» Data records
★ ★ ★ ★

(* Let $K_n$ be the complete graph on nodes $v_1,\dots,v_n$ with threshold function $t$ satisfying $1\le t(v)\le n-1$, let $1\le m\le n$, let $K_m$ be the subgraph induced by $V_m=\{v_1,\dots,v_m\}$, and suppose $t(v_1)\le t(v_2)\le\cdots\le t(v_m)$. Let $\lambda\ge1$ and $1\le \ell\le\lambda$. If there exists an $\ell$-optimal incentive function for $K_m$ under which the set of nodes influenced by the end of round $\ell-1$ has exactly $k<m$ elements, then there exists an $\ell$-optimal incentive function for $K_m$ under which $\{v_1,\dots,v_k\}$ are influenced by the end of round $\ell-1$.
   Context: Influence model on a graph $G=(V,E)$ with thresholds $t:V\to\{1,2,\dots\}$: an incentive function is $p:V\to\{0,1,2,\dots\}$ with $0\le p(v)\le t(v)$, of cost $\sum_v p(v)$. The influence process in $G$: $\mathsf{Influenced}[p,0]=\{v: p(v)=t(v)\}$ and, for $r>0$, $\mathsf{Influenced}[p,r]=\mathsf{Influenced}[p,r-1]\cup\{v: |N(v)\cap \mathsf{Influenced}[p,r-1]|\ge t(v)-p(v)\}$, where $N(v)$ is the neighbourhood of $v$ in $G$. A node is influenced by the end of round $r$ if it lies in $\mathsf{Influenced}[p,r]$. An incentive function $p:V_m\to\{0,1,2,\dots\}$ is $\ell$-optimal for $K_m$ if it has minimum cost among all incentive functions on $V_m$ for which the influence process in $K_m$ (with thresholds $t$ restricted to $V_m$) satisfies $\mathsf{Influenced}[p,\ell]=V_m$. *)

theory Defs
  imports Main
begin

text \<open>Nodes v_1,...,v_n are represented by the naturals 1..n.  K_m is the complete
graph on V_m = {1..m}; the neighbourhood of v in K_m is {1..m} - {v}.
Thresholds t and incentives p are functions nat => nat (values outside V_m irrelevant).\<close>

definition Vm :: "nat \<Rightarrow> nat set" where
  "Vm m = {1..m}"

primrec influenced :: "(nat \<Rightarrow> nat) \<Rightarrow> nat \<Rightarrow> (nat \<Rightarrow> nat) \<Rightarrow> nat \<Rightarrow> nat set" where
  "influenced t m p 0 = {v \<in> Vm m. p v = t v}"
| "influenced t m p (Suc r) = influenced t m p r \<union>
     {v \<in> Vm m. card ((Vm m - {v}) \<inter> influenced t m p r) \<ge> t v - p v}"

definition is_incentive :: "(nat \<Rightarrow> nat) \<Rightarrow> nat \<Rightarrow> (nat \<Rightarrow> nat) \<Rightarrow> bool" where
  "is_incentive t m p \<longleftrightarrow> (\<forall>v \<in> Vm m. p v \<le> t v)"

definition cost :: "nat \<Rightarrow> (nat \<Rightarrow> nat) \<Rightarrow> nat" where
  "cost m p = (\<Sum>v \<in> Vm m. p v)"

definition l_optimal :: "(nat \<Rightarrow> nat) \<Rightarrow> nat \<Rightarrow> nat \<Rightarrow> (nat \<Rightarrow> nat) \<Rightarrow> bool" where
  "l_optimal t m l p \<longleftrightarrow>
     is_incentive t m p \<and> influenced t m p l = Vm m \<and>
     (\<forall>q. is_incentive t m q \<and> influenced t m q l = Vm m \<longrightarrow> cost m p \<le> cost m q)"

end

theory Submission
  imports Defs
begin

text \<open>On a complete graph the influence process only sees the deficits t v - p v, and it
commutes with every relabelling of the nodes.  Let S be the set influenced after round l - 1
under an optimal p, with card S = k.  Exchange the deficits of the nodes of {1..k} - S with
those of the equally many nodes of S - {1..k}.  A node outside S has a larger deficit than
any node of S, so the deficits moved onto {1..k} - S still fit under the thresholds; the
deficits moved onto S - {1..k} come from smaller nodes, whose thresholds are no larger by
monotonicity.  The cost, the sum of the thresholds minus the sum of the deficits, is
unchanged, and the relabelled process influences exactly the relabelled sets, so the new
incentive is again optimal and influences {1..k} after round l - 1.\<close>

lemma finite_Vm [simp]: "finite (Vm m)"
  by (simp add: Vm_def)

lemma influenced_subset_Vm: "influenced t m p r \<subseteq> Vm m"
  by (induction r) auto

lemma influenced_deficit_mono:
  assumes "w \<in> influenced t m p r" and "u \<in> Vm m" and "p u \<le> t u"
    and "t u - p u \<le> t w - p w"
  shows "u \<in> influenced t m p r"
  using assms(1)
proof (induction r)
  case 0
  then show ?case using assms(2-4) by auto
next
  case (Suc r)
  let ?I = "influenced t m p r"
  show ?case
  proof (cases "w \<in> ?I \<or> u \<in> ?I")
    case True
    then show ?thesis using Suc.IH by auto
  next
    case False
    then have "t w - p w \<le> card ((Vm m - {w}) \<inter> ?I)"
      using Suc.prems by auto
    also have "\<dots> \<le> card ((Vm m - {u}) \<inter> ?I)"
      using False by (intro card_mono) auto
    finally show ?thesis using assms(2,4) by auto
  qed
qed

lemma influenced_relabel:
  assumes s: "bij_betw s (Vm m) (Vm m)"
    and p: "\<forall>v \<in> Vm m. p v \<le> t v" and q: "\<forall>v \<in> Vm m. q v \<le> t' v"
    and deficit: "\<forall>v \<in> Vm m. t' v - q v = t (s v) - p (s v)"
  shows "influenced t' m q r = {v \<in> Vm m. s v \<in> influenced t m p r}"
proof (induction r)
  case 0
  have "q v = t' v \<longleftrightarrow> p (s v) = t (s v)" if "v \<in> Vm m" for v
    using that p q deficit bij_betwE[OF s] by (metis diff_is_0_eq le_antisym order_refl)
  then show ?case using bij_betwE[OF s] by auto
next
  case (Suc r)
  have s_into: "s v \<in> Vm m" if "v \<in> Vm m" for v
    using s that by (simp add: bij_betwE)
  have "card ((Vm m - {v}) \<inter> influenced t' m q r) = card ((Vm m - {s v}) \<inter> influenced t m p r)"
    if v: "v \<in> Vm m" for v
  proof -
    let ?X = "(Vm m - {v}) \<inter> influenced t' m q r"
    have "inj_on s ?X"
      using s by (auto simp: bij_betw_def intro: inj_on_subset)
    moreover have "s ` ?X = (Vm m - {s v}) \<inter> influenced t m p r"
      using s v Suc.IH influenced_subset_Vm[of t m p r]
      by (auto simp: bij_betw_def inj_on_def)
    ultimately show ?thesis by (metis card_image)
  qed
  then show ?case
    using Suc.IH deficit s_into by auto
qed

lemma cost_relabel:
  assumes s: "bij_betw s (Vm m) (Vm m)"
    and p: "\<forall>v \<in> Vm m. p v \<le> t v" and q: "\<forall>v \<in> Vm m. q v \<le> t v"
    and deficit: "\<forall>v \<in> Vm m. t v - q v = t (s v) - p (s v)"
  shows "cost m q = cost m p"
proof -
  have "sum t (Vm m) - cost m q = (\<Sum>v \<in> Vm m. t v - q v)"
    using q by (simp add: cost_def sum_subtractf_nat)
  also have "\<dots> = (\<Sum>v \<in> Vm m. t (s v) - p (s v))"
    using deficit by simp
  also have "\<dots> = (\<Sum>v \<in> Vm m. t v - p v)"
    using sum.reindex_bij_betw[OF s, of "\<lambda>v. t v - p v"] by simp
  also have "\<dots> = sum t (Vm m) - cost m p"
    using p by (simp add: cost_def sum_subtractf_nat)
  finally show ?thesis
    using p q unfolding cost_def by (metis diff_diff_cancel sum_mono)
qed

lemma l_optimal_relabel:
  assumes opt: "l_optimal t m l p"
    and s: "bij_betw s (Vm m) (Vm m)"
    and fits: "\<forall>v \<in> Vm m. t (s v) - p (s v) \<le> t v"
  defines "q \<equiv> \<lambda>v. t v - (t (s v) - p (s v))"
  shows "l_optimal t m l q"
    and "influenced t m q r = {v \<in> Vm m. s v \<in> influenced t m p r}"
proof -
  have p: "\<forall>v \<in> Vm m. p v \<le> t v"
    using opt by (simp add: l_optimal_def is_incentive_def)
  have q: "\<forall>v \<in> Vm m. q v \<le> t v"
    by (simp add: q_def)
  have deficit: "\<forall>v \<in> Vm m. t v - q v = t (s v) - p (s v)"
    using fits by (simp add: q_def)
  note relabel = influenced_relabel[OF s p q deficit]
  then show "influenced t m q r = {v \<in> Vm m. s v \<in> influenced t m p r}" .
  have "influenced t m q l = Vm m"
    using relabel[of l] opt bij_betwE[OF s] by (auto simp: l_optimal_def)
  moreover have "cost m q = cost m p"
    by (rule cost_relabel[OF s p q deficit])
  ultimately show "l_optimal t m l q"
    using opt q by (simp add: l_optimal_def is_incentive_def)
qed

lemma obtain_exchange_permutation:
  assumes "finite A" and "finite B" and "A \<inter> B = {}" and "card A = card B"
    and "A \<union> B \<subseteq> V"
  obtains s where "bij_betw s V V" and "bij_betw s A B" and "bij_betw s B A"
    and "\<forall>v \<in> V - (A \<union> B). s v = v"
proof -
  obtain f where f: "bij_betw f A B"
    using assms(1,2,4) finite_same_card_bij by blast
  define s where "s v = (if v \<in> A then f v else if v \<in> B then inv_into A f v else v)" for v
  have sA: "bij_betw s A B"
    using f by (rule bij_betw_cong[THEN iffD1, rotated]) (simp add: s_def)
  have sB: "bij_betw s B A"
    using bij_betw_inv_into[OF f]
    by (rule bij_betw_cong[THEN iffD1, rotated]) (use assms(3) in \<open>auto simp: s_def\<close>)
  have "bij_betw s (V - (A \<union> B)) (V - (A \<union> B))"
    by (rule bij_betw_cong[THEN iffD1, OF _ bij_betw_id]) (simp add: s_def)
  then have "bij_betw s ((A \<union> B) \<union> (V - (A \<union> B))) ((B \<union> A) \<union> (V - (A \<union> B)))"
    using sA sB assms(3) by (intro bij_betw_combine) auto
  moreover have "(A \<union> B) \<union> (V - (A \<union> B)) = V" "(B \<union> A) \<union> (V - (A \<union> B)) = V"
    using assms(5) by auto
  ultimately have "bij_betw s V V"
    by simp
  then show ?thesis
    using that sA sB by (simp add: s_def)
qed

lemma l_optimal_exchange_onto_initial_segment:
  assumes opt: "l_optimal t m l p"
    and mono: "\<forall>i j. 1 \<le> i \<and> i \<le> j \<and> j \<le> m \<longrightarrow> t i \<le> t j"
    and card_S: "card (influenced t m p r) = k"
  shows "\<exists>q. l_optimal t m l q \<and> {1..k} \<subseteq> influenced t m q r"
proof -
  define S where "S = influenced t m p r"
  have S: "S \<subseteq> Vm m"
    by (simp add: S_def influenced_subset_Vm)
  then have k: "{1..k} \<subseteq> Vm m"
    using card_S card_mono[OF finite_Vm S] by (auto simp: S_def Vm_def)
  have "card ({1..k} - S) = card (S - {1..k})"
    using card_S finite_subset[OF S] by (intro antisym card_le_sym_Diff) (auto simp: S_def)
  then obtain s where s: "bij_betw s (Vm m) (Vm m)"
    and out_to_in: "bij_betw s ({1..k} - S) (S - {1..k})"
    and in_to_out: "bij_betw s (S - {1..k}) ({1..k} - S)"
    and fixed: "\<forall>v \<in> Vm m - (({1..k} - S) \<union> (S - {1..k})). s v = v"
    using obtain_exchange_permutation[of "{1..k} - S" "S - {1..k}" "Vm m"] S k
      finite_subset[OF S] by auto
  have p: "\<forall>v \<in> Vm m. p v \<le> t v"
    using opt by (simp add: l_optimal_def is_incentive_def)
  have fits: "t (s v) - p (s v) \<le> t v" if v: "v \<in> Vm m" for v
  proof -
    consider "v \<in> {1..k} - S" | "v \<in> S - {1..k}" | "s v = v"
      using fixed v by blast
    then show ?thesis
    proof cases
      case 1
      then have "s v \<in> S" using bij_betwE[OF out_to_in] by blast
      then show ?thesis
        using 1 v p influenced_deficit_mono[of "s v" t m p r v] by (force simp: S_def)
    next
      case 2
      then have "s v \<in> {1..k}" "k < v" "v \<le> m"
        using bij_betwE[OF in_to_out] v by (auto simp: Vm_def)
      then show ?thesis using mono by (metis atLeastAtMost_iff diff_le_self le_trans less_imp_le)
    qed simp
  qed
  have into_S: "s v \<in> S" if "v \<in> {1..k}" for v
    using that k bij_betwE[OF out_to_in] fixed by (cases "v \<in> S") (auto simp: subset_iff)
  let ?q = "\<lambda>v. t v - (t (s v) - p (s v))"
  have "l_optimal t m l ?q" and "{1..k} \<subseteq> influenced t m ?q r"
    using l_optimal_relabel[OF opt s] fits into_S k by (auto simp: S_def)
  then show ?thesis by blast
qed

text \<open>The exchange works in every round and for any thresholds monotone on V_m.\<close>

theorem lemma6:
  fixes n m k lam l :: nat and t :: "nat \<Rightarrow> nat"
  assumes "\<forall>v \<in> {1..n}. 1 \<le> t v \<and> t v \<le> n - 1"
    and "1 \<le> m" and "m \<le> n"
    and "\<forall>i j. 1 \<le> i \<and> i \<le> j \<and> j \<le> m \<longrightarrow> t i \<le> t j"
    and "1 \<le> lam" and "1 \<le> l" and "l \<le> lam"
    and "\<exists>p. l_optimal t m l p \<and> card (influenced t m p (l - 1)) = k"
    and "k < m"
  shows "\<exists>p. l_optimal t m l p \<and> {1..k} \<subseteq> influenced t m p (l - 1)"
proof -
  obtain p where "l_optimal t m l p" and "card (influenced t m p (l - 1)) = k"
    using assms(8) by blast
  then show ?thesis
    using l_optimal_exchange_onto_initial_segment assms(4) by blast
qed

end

★ ★ ★ ★

» What the task asks
Copy all lines above containing the string "that".

» Exercise output
    using that p q deficit bij_betwE[OF s] by (metis diff_is_0_eq le_antisym order_refl)
    using s that by (simp add: bij_betwE)
    using that sA sB by (simp add: s_def)
    using that k bij_betwE[OF out_to_in] fixed by (cases "v \<in> S") (auto simp: subset_iff)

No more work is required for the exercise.